- [TASK DETAILS]
Nothing but the lines from the start of the entries through the line containing "define a b where" should appear in the answer, each given exactly.

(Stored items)
***
lemma elem_inverse_one_minus_square:
  fixes W :: "'a::complex_banach_algebra_1"
  assumes "invertible_elem (1 - W)" "invertible_elem (1 + W)"
  shows "elem_inverse (1 - W^2) = (1/2) *\<^sub>R (elem_inverse (1 - W) + elem_inverse (1 + W))"
proof (rule elem_inverse_eq)
  define a b where "a = elem_inverse (1 - W)" and "b = elem_inverse (1 + W)"
  have a: "(1 - W) * a = 1" "a * (1 - W) = 1" and b: "(1 + W) * b = 1" "b * (1 + W) = 1"
    using assms by (simp_all add: a_def b_def right_elem_inverse left_elem_inverse)
  have factor: "1 - W^2 = (1 + W) * (1 - W)" "1 - W^2 = (1 - W) * (1 + W)"
    by (simp_all add: algebra_simps power2_eq_square)
  have "(1 - W^2) * a = 1 + W" by (simp only: factor(1) mult.assoc a mult_1_right)
  moreover have "(1 - W^2) * b = 1 - W" by (simp only: factor(2) mult.assoc b mult_1_right)
  ultimately have right: "(1 - W^2) * (a + b) = 1 + 1" by (simp add: distrib_left)
  show "(1 - W^2) * ((1/2) *\<^sub>R (a + b)) = 1"
    by (simp only: mult_scaleR_right right scaleR_half_double)
  have "a * (1 - W^2) = 1 + W" by (simp only: factor(2) a mult_1_left flip: mult.assoc)
  moreover have "b * (1 - W^2) = 1 - W" by (simp only: factor(1) b mult_1_left flip: mult.assoc)
  ultimately have left: "(a + b) * (1 - W^2) = 1 + 1" by (simp add: distrib_right)
  show "(1/2) *\<^sub>R (a + b) * (1 - W^2) = 1"
    by (simp only: mult_scaleR_left left scaleR_half_double)
qed

lemma scaleC_rotation_two_power:
  fixes y :: "'a::complex_banach_algebra_1"
  shows "((cis (pi / 2^m) * \<nu>) *\<^sub>C y) ^ 2^m = - ((\<nu> *\<^sub>C y) ^ 2^m)"
proof -
  have "cis (pi / 2^m) ^ 2^m = -1" by (simp add: Complex.DeMoivre)
  moreover have "(-1) *\<^sub>C x = - x" for x :: 'a
    using scaleR_scaleC[of "-1" x] by simp
  ultimately show ?thesis by (simp add: scaleC_power flip: scaleC_scaleC)
qed

lemma two_power_resolvents_modulus:
  fixes y :: "'a::complex_banach_algebra_1"
  assumes "\<forall>\<nu>\<in>cball 0 1. invertible_elem (1 - \<nu> *\<^sub>C y)"
    and "\<forall>\<nu>\<in>cball 0 1. \<forall>\<nu>'\<in>cball 0 1. dist \<nu>' \<nu> < \<delta> \<longrightarrow>
           dist (elem_inverse (1 - \<nu>' *\<^sub>C y)) (elem_inverse (1 - \<nu> *\<^sub>C y)) < \<epsilon>"
  shows "(\<forall>\<nu>\<in>cball 0 1. invertible_elem (1 - (\<nu> *\<^sub>C y) ^ 2^m)) \<and>
    (\<forall>\<nu>\<in>cball 0 1. \<forall>\<nu>'\<in>cball 0 1. dist \<nu>' \<nu> < \<delta> \<longrightarrow>
       dist (elem_inverse (1 - (\<nu>' *\<^sub>C y) ^ 2^m)) (elem_inverse (1 - (\<nu> *\<^sub>C y) ^ 2^m)) < \<epsilon>)"
proof (induction m)
  case 0
  then show ?case using assms by simp
next
  case (Suc m)
  let ?R = "\<lambda>\<nu>. elem_inverse (1 - (\<nu> *\<^sub>C y) ^ 2^m)"
  define \<omega> where "\<omega> = cis (pi / 2^m)"
  have rotate: "\<omega> * \<nu> \<in> cball 0 1" if "\<nu> \<in> cball 0 1" for \<nu>
    using that by (simp add: \<omega>_def norm_mult)
  have square: "(\<nu> *\<^sub>C y) ^ 2^Suc m = ((\<nu> *\<^sub>C y) ^ 2^m)^2" for \<nu>
    by (simp add: power_mult[symmetric] mult.commute)
  have step: "invertible_elem (1 - (\<nu> *\<^sub>C y) ^ 2^Suc m) \<and>
      elem_inverse (1 - (\<nu> *\<^sub>C y) ^ 2^Suc m) = (1/2) *\<^sub>R (?R \<nu> + ?R (\<omega> * \<nu>))"
    if "\<nu> \<in> cball 0 1" for \<nu>
  proof -
    have rotated: "?R (\<omega> * \<nu>) = elem_inverse (1 + (\<nu> *\<^sub>C y) ^ 2^m)"
      by (simp add: \<omega>_def scaleC_rotation_two_power)
    have "invertible_elem (1 - (\<nu> *\<^sub>C y) ^ 2^m)" using Suc that by blast
    moreover have "invertible_elem (1 - ((\<omega> * \<nu>) *\<^sub>C y) ^ 2^m)" using Suc rotate[OF that] by blast
    then have "invertible_elem (1 + (\<nu> *\<^sub>C y) ^ 2^m)"
      by (simp add: \<omega>_def scaleC_rotation_two_power)
    ultimately show ?thesis
      unfolding square rotated using invertible_one_minus_square elem_inverse_one_minus_square by blast
  qed
  show ?case
  proof (intro conjI ballI impI)
    fix \<nu> assume "\<nu> \<in> cball (0::complex) 1"
    then show "invertible_elem (1 - (\<nu> *\<^sub>C y) ^ 2^Suc m)" using step by blast
  next
    fix \<nu> \<nu>' assume \<nu>: "\<nu> \<in> cball (0::complex) 1" "\<nu>' \<in> cball (0::complex) 1" "dist \<nu>' \<nu> < \<delta>"
    have "dist (\<omega> * \<nu>') (\<omega> * \<nu>) < \<delta>"
      using \<nu>(3) by (simp add: dist_norm \<omega>_def norm_mult flip: right_diff_distrib)
    then have close: "norm (?R \<nu>' - ?R \<nu>) < \<epsilon>" "norm (?R (\<omega> * \<nu>') - ?R (\<omega> * \<nu>)) < \<epsilon>"
      using Suc \<nu> rotate by (simp_all add: dist_norm)
    have "elem_inverse (1 - (\<nu>' *\<^sub>C y) ^ 2^Suc m) - elem_inverse (1 - (\<nu> *\<^sub>C y) ^ 2^Suc m) =
        (1/2) *\<^sub>R ((?R \<nu>' - ?R \<nu>) + (?R (\<omega> * \<nu>') - ?R (\<omega> * \<nu>)))"
      using step[OF \<nu>(1)] step[OF \<nu>(2)] by (simp add: algebra_simps)
    then have "dist (elem_inverse (1 - (\<nu>' *\<^sub>C y) ^ 2^Suc m)) (elem_inverse (1 - (\<nu> *\<^sub>C y) ^ 2^Suc m))
        \<le> (1/2) * (norm (?R \<nu>' - ?R \<nu>) + norm (?R (\<omega> * \<nu>') - ?R (\<omega> * \<nu>)))"
      by (simp add: dist_norm norm_triangle_ineq)
    also have "\<dots> < \<epsilon>" using close by simp
    finally show "dist (elem_inverse (1 - (\<nu>' *\<^sub>C y) ^ 2^Suc m))
        (elem_inverse (1 - (\<nu> *\<^sub>C y) ^ 2^Suc m)) < \<epsilon>" .
  qed
qed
***
- [TASK OUTPUT]
lemma elem_inverse_one_minus_square:
  fixes W :: "'a::complex_banach_algebra_1"
  assumes "invertible_elem (1 - W)" "invertible_elem (1 + W)"
  shows "elem_inverse (1 - W^2) = (1/2) *\<^sub>R (elem_inverse (1 - W) + elem_inverse (1 + W))"
proof (rule elem_inverse_eq)
  define a b where "a = elem_inverse (1 - W)" and "b = elem_inverse (1 + W)"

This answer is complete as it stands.